CVAICLMar 24

MedObvious: Exposing the Medical Moravec's Paradox in VLMs via Clinical Triage

arXiv:2603.2350150.12 citationsh-index: 3
AI Analysis

This addresses a safety-critical gap for medical AI deployment by exposing a failure mode where VLMs produce plausible narratives even with invalid inputs, which is incremental as it builds on existing benchmarks but focuses on a neglected aspect.

The paper tackles the problem of vision language models (VLMs) failing to perform pre-diagnostic sanity checks on medical images, such as verifying input validity, by introducing MedObvious, a 1,880-task benchmark that isolates input validation. The results show that sanity checking remains unreliable, with models hallucinating anomalies and performance degrading on larger image sets, indicating this capability is unsolved for medical VLMs.

Vision Language Models (VLMs) are increasingly used for tasks like medical report generation and visual question answering. However, fluent diagnostic text does not guarantee safe visual understanding. In clinical practice, interpretation begins with pre-diagnostic sanity checks: verifying that the input is valid to read (correct modality and anatomy, plausible viewpoint and orientation, and no obvious integrity violations).

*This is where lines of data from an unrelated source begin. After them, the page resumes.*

lemma kernel_integral_measurable:
  fixes G :: "'x \<Rightarrow> 'y \<Rightarrow> real"
  assumes \<kappa>: "\<kappa> \<in> N \<rightarrow>\<^sub>M subprob_algebra S"
    and G: "(\<lambda>(x, y). G x y) \<in> borel_measurable (N \<Otimes>\<^sub>M S)"
  shows "(\<lambda>x. \<integral>y. G x y \<partial>\<kappa> x) \<in> borel_measurable N"
proof -
  have "(\<lambda>x. distr (\<kappa> x) (N \<Otimes>\<^sub>M S) (Pair x)) \<in> N \<rightarrow>\<^sub>M subprob_algebra (N \<Otimes>\<^sub>M S)"
    by (rule measurable_distr2[OF _ \<kappa>]) measurable
  then have "(\<lambda>x. \<integral>z. (\<lambda>(x, y). G x y) z \<partial>distr (\<kappa> x) (N \<Otimes>\<^sub>M S) (Pair x)) \<in> borel_measurable N"
    by (rule measurable_compose[OF _ integral_measurable_subprob_algebra[OF G]])
  then show ?thesis
  proof (rule measurable_cong[THEN iffD1, rotated])
    fix x assume x: "x \<in> space N"
    have Pair_meas: "Pair x \<in> \<kappa> x \<rightarrow>\<^sub>M N \<Otimes>\<^sub>M S"
      unfolding measurable_cong_sets[OF subprob_measurableD(2)[OF \<kappa> x] refl]
      by (rule measurable_Pair1'[OF x])
    show "(\<integral>z. (\<lambda>(x, y). G x y) z \<partial>distr (\<kappa> x) (N \<Otimes>\<^sub>M S) (Pair x)) = (\<integral>y. G x y \<partial>\<kappa> x)"
      by (simp add: integral_distr[OF Pair_meas G])
  qed
qed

Existing benchmarks largely assume this step is solved, and therefore miss a critical failure mode: a model can produce plausible narratives even when the input is inconsistent or invalid. We introduce MedObvious, a 1,880-task benchmark that isolates input validation as a set-level consistency capability over small multi-panel image sets: the model must identify whether any panel violates expected coherence. MedObvious spans five progressive tiers, from basic orientation/modality mismatches to clinically motivated anatomy/viewpoint verification and triage-style cues, and includes five evaluation formats to test robustness across interfaces. Evaluating 17 different VLMs, we find that sanity checking remains unreliable: several models hallucinate anomalies on normal (negative-control) inputs, performance degrades when scaling to larger image sets, and measured accuracy varies substantially between multiple-choice and open-ended settings. These results show that pre-diagnostic verification remains unsolved for medical VLMs and should be treated as a distinct, safety-critical capability before deployment.